*** Exercise data ***
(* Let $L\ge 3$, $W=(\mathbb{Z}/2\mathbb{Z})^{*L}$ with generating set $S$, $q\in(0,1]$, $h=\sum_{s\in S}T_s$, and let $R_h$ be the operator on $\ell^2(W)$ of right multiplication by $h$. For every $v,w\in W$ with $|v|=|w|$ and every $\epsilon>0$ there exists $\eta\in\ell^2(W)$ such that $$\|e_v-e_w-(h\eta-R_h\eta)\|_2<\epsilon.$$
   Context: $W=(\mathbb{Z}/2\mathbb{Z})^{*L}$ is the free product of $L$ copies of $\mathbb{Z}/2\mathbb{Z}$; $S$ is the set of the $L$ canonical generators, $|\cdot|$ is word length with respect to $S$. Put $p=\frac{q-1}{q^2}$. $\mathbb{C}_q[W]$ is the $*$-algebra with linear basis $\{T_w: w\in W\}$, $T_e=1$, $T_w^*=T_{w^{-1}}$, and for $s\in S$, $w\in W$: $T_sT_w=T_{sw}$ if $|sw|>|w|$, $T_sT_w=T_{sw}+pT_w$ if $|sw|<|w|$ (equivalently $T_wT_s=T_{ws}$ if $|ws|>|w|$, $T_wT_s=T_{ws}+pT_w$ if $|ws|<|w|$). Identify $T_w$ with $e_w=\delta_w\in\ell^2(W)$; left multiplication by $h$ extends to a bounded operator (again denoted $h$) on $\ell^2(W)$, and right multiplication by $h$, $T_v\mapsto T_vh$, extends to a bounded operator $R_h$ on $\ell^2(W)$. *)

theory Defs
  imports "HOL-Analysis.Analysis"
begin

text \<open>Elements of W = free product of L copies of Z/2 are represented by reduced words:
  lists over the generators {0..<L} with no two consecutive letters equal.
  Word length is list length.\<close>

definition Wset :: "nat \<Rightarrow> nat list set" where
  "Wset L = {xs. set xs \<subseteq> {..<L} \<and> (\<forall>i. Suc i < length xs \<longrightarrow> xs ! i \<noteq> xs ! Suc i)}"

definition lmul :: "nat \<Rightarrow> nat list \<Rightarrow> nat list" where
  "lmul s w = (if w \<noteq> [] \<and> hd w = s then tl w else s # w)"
*** End of Exercise data ***
*** Exercise data ***
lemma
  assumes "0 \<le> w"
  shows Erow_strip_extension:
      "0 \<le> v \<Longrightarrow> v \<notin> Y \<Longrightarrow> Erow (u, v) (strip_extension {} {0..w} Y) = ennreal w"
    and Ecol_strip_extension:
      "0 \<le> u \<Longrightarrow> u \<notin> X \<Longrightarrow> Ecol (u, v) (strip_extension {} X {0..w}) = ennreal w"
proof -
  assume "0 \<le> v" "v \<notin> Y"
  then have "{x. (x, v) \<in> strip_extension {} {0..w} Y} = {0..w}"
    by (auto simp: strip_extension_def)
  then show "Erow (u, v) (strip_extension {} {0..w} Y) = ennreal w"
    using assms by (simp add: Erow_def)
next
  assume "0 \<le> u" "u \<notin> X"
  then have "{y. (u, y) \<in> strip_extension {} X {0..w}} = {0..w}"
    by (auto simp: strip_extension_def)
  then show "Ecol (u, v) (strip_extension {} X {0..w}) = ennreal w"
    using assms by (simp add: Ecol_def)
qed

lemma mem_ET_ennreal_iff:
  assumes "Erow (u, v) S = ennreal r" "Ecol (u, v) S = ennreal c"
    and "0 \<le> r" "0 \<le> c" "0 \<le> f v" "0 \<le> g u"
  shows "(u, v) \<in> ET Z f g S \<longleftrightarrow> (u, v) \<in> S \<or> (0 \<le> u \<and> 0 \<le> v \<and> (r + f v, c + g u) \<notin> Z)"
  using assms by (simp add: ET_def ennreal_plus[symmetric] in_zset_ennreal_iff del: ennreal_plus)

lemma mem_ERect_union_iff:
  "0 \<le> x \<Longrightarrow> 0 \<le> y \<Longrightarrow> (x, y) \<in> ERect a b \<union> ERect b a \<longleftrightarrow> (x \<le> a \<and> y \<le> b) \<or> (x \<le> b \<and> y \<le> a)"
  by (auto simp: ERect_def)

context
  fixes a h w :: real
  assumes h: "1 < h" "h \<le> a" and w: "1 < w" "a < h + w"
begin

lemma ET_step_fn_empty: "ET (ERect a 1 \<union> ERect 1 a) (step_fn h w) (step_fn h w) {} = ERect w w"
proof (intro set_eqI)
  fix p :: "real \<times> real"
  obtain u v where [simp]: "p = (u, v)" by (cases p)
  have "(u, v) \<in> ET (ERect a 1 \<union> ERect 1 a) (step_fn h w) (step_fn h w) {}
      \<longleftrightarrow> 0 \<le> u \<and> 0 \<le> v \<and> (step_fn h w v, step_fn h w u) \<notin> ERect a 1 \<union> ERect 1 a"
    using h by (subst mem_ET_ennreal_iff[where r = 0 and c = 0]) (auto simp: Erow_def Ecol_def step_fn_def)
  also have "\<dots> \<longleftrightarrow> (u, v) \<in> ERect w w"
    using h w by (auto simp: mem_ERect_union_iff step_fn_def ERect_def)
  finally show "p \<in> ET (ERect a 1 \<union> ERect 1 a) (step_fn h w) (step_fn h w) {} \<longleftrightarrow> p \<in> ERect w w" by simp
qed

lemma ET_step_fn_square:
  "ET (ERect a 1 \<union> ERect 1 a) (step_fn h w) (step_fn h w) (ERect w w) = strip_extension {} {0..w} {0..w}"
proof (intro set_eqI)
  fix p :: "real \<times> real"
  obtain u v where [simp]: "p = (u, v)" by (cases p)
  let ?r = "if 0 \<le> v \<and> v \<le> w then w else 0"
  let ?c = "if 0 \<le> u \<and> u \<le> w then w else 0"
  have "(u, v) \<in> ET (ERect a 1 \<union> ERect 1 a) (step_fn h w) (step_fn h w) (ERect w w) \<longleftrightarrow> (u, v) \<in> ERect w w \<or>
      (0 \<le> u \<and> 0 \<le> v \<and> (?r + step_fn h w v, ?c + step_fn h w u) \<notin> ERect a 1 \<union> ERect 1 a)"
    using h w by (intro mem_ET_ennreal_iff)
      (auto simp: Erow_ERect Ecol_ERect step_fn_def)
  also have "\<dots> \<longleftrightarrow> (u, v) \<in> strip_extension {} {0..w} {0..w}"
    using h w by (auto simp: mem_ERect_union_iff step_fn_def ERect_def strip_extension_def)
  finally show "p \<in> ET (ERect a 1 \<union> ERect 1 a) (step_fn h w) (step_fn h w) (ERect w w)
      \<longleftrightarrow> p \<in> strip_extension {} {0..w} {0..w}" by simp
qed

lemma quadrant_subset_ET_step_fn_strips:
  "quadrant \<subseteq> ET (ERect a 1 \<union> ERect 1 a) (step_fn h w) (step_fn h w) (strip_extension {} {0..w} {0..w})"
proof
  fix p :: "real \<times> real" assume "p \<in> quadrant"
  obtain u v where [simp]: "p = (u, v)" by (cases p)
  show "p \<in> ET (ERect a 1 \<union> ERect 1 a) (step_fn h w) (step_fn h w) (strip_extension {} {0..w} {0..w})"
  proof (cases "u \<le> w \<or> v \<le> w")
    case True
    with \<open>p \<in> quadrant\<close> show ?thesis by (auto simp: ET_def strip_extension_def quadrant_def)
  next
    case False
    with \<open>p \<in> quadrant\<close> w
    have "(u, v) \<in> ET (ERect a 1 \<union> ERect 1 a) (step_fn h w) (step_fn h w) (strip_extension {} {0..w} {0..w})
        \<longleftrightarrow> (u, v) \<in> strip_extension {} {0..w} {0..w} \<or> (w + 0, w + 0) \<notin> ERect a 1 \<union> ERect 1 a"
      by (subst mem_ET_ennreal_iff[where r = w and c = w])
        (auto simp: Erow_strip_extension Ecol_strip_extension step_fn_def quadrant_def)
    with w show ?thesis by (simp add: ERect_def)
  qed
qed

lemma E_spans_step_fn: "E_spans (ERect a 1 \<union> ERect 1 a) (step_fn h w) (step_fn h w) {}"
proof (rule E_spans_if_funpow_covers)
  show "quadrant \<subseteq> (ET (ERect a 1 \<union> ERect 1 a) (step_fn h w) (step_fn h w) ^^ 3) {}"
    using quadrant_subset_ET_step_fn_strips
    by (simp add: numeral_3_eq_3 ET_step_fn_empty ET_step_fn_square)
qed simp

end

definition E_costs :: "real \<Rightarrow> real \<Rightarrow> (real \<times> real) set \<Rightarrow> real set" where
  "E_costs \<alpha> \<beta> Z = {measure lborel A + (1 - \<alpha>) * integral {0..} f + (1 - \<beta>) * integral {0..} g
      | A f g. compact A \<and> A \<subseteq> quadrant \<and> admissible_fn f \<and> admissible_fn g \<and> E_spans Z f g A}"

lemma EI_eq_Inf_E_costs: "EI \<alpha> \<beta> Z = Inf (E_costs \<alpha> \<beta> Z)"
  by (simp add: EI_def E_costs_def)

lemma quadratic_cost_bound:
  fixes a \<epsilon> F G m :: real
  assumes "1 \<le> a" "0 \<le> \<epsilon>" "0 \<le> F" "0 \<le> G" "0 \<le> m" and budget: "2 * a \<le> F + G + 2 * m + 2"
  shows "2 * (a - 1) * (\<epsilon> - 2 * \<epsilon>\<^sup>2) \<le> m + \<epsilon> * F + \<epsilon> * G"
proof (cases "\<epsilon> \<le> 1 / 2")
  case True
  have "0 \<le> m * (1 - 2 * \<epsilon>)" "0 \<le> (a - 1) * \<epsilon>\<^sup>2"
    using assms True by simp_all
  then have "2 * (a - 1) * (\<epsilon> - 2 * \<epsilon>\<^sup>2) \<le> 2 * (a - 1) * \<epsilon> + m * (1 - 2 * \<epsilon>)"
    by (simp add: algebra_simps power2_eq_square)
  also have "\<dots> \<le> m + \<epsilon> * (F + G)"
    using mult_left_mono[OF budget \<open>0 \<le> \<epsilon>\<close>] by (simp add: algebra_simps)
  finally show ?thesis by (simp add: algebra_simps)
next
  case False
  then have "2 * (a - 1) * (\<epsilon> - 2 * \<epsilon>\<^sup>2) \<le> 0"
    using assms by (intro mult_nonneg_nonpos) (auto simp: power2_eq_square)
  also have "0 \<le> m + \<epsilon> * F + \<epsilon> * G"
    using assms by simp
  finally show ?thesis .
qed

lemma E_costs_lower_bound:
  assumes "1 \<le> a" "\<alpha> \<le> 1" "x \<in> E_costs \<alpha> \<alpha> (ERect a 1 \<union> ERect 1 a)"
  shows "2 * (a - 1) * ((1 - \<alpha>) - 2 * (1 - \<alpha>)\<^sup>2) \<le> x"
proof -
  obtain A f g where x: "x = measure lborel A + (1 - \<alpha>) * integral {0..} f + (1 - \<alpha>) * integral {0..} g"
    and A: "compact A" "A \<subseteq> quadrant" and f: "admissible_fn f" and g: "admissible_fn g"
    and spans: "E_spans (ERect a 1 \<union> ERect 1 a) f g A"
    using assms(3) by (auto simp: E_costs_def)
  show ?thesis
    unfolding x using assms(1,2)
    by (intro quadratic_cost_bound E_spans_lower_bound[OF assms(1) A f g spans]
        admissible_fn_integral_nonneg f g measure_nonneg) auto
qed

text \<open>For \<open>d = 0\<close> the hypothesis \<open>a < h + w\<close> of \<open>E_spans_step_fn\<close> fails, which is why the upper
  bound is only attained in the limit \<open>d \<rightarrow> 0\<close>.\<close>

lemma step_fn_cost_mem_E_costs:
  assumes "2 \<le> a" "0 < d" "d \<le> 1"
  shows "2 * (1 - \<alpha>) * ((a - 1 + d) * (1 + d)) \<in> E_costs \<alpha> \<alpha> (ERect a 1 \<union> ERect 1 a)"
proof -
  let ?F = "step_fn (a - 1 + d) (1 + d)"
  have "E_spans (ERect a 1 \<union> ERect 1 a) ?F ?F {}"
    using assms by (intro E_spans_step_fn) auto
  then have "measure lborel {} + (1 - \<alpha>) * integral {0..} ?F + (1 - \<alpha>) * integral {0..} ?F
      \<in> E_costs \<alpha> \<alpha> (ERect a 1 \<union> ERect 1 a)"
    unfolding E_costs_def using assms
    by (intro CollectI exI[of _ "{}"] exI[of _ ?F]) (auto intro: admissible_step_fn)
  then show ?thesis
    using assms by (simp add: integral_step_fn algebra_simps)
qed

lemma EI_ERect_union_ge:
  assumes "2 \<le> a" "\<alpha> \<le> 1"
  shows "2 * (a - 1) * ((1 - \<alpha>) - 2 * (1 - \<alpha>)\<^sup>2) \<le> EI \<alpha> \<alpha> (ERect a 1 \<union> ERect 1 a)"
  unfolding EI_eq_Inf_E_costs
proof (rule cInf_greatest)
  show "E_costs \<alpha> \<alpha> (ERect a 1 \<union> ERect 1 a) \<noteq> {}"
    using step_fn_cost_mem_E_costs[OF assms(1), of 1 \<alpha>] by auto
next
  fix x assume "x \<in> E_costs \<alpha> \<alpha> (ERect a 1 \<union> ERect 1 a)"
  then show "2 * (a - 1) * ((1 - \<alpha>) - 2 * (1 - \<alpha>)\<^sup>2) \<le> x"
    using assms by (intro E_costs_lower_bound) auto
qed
*** End of Exercise data ***
Activity: Identify every line above with the string "compact" in it. Copy those lines.

Expected output:
      | A f g. compact A \<and> A \<subseteq> quadrant \<and> admissible_fn f \<and> admissible_fn g \<and> E_spans Z f g A}"
    and A: "compact A" "A \<subseteq> quadrant" and f: "admissible_fn f" and g: "admissible_fn g"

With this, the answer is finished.